Leadership in 2020

Some basic leadership concepts are rock solid, others are like rubber, adapting to the form and the conditions.

Leadership in normal times can be challenging. Leadership under stress or prolonged crisis can cause teams to break apart. Events of this year are testing leadership strategies and strengths of good leaders. Leadership under pressure require flexibility and some degree of risk. If you need team members to adapt, you need to show them how it works. You don’t abandon the leadership playbook, but you make room to improvise and call an audible when needed. Your adapt your leadership focus.

Here are the things that are good always:

Have a vision and communicate it. The responsibility of a leader is to lead others, and that requires having a vision.  You have to lead them somewhere, right? Know where your team is going and communicate it.  Information is motivating, describe the path and what success looks like.

Take care of your people.  Always.  Show them you have their back.  Make their jobs easier. Clear roadblocks when you need to and provide them the resources needed. While you are at it, tell them they are appreciated.

Be visible, but do not micromanage.  Sometimes there is a fine line between being engaged and smothering your people.  If you have hired right, and trained correctly, why can’t you trust your people to do the job you hired them to do? Micromanagers are motivation killers.  If your staff need training, provide it, then let them loose to do their jobs.

Give praise and credit outwardly; counsel privately.  Employees want to know their work and efforts matter.  Feedback matters.  You owe it to your folks to provide feedback.  When their efforts are significant or they have mastered something new, recognize the efforts, but make it meaningful.  Not every effort is praiseworthy, but you can measure the feedback to be appropriate to the action.  Many leaders refrain from feedback intended to correct behavior or performance, but you owe it to your employees.  You care about their performance and their success, honest feedback is essential.

Be humble, own your mistakes. Show your team that you aren’t full of yourself.  Be able to laugh at yourself.  When you make a mistake, acknowledge it, and move on.  Show your self-confidence, but refrain from being arrogant.

Lead by example, but also lead from behind. Model the behavior and values of your organization.  Roll up your sleeves when needed.  Otherwise, leading from behind lets your team take the lead.  If you have provided a vision, coached them and empowered them, you don’t really need to take the point; you’ll know when you do.

 

Adaptive leadership:

Be prepared to throw away the plan. Plans do not always work as practiced during stressful situations.  Be adaptive and include your folks in developing a different or revised path.

Agility. Learn on the fly and instill confidence in your team as you do it. After the plan changes, you not only need to bring your team along, they also need to be flexible and test their wings to learn and achieve.

Keep the path clear. Good leadership is controlling the bureaucratic tendencies of an organization.  New policies, new forms, new requirements, different reporting structure – any of these things can cause more stress and detour people from their mission.  Clear the path, don’t complicate it.

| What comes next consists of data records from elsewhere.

theorem mainTheorem17:
  fixes N d :: nat
    and D :: "nat \<Rightarrow> nat \<Rightarrow> nat \<Rightarrow> real"
    and M :: "nat \<Rightarrow> real"
    and e :: "nat \<Rightarrow> nat \<Rightarrow> real"
    and Y :: "(real^'n) set"
    and \<omega> :: "real^'n \<Rightarrow> real^'n"
    and f :: "nat \<Rightarrow> real^'n \<Rightarrow> real^'n"
    and F :: "nat \<Rightarrow> real^'n \<Rightarrow> real"
    and H :: "nat \<Rightarrow> real^'n \<Rightarrow> real^'m^'n"
    and g :: "nat \<Rightarrow> real^'n \<Rightarrow> real^'m"
    and \<alpha> :: real
    and fvol fnum :: "nat \<Rightarrow> real^'n \<Rightarrow> real^'n \<Rightarrow> real^'n"
    and Hvol Hnum :: "nat \<Rightarrow> real^'n \<Rightarrow> real^'n \<Rightarrow> real^'m^'n"
    and u :: "nat \<Rightarrow> real^'n"
    and up :: "nat \<Rightarrow> nat \<Rightarrow> real^'n"
    and dudt :: "nat \<Rightarrow> real^'n"
  assumes D_one: "\<forall>j<d. \<forall>i<N. (\<Sum>k<N. D j i k) = 0"
    and M_pos: "\<forall>i<N. M i > 0"
    and SBP: "\<forall>j<d. \<forall>i<N. \<forall>k<N.
                 M i * D j i k + D j k i * M k = (if i = k then e j i else 0)"
    and fvol_sym: "\<forall>j<d. \<forall>a\<in>Y. \<forall>b\<in>Y. fvol j a b = fvol j b a"
    and Hvol_sym: "\<forall>j<d. \<forall>a\<in>Y. \<forall>b\<in>Y. Hvol j a b = Hvol j b a"
    and fvol_cons: "\<forall>j<d. \<forall>a\<in>Y. fvol j a a = f j a"
    and Hvol_cons: "\<forall>j<d. \<forall>a\<in>Y. Hvol j a a = H j a"
    and fnum_cons: "\<forall>j<d. \<forall>a\<in>Y. fnum j a a = f j a"
    and Hnum_cons: "\<forall>j<d. \<forall>a\<in>Y. Hnum j a a = H j a"
    and EC_vol: "\<forall>j<d. entropy_conservative_pair Y \<omega> (f j) (F j) (H j) (g j) \<alpha> (fvol j) (Hvol j)"
    and EC_num: "\<forall>j<d. entropy_conservative_pair Y \<omega> (f j) (F j) (H j) (g j) \<alpha> (fnum j) (Hnum j)"
    and u_Y: "\<forall>i<N. u i \<in> Y"
    and up_Y: "\<forall>k<N. \<forall>j<d. up k j \<in> Y"
    and dudt_def: "\<forall>i<N. dudt i =
        - VOL N d D \<alpha> fvol Hvol H g u i - SURF d M e \<alpha> f fnum Hnum H g u up i"
  shows "(\<Sum>i<N. M i * (\<omega> (u i) \<bullet> dudt i))
           = - (\<Sum>k<N. \<Sum>j<d. e j k * Fnum \<omega> (f j) (F j) (fnum j) (H j) (Hnum j) (g j) \<alpha> (u k) (up k j))
         \<and> (\<forall>j<d. \<forall>a\<in>Y. Fnum \<omega> (f j) (F j) (fnum j) (H j) (Hnum j) (g j) \<alpha> a a = F j a)"
proof
  show "\<forall>j<d. \<forall>a\<in>Y. Fnum \<omega> (f j) (F j) (fnum j) (H j) (Hnum j) (g j) \<alpha> a a = F j a"
    using fnum_cons by (simp add: Fnum_same)
next
  let ?S = "\<lambda>i j. surface_flux_term (f j) (fnum j) (Hnum j) (H j) (g j) \<alpha> (u i) (up i j)"
  have vol: "(\<Sum>i<N. M i * (\<omega> (u i) \<bullet> VOL N d D \<alpha> fvol Hvol H g u i))
      = (\<Sum>i<N. \<Sum>j<d. e j i * F j (u i))"
    using D_one SBP EC_vol fvol_sym Hvol_sym fvol_cons u_Y
    by (intro sum_inner_VOL_eq_boundary_entropy[where Y = Y]) auto
  have surf: "(\<Sum>i<N. M i * (\<omega> (u i) \<bullet> SURF d M e \<alpha> f fnum Hnum H g u up i))
      = (\<Sum>i<N. \<Sum>j<d. e j i * (\<omega> (u i) \<bullet> ?S i j))"
    using M_pos by (intro sum.cong refl) (auto simp: SURF_eq_sum_surface_flux_term inner_sum_right)
  have "(\<Sum>i<N. M i * (\<omega> (u i) \<bullet> dudt i))
      = - (\<Sum>i<N. M i * (\<omega> (u i) \<bullet> VOL N d D \<alpha> fvol Hvol H g u i))
        - (\<Sum>i<N. M i * (\<omega> (u i) \<bullet> SURF d M e \<alpha> f fnum Hnum H g u up i))"
    using dudt_def by (simp add: inner_diff_right right_diff_distrib sum_subtractf sum_negf)
  also have "\<dots> = - (\<Sum>i<N. \<Sum>j<d. e j i * (F j (u i) + \<omega> (u i) \<bullet> ?S i j))"
    unfolding vol surf by (simp add: distrib_left sum.distrib)
  also have "\<dots> = - (\<Sum>k<N. \<Sum>j<d. e j k * Fnum \<omega> (f j) (F j) (fnum j) (H j) (Hnum j) (g j) \<alpha> (u k) (up k j))"
    using EC_num u_Y up_Y by (simp add: Fnum_eq_surface_flux_term[where Y = Y])
  finally show "(\<Sum>i<N. M i * (\<omega> (u i) \<bullet> dudt i))
      = - (\<Sum>k<N. \<Sum>j<d. e j k * Fnum \<omega> (f j) (F j) (fnum j) (H j) (Hnum j) (g j) \<alpha> (u k) (up k j))" .
qed
lemma prob_pairs_at_most_two_ge:
  assumes "integrable (measure_pmf P) (\<lambda>k. real k ^ 2)" "m \<ge> 2"
    and second_moment: "real n * (\<integral>k. real k ^ 2 \<partial>P) \<le> c * real m"
  shows "1 - c ^ 3 * real m ^ 2 / (real m - 1) ^ 3
           \<le> measure_pmf.prob (rig_pmf n m P) {S. pairs_at_most_two n m S}"
proof -
  let ?G = "rig_pmf n m P"
  define q where "q = (\<integral>k. real k ^ 2 \<partial>P) / (real m * (real m - 1))"
  have m1: "real m - 1 > 0" using assms(2) by simp
  have q_nonneg: "q \<ge> 0" unfolding q_def using m1 by (intro divide_nonneg_pos integral_nonneg) auto
  have "real n * q = real n * (\<integral>k. real k ^ 2 \<partial>P) / real m / (real m - 1)"
    by (simp add: q_def field_simps)
  also have "\<dots> \<le> c * real m / real m / (real m - 1)"
    using second_moment m1 by (intro divide_right_mono) auto
  finally have nq: "real n * q \<le> c / (real m - 1)" using assms(2) by simp
  have "measure_pmf.prob ?G {S. \<not> pairs_at_most_two n m S} \<le> real m ^ 2 * (real n * q) ^ 3"
    using prob_not_pairs_at_most_two_le[OF assms(1,2)] by (simp add: q_def)
  also have "\<dots> \<le> real m ^ 2 * (c / (real m - 1)) ^ 3"
    using nq q_nonneg by (intro mult_left_mono power_mono) auto
  also have "\<dots> = c ^ 3 * real m ^ 2 / (real m - 1) ^ 3" by (simp add: power_divide)
  finally show ?thesis
    using measure_pmf.prob_compl[of "{S. pairs_at_most_two n m S}" ?G]
    by (simp add: Compl_eq_Diff_UNIV[symmetric] Collect_neg_eq[symmetric])
qed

Communicate, Communicate, Communicate. Always important.  More so in a crisis.  Use non-traditional methods to keep your people updated.  Communication reinforces confidence and staying motivated.  Your people want to know – more. not less.

Loosen the rules. Make your folks comfortable.  Relaxing what rules you can, allows employees to feel that you care about them and might make their work easier to do. Rules serve a purpose but the situations change.  Rules can return if they make sense.  These are times to re-think some of your rules.

Monitor and boost morale. Under crisis, team members react differently, some thrive while others need more help. Your job is to know what is happening and fortify their ability to succeed.

Leadership is not rocket science, it is human science.


One thought on “Leadership in 2020

  1. Spoken from experience no doubt! The layout was spot on. So why is it so hard to find believable leaders in 2020?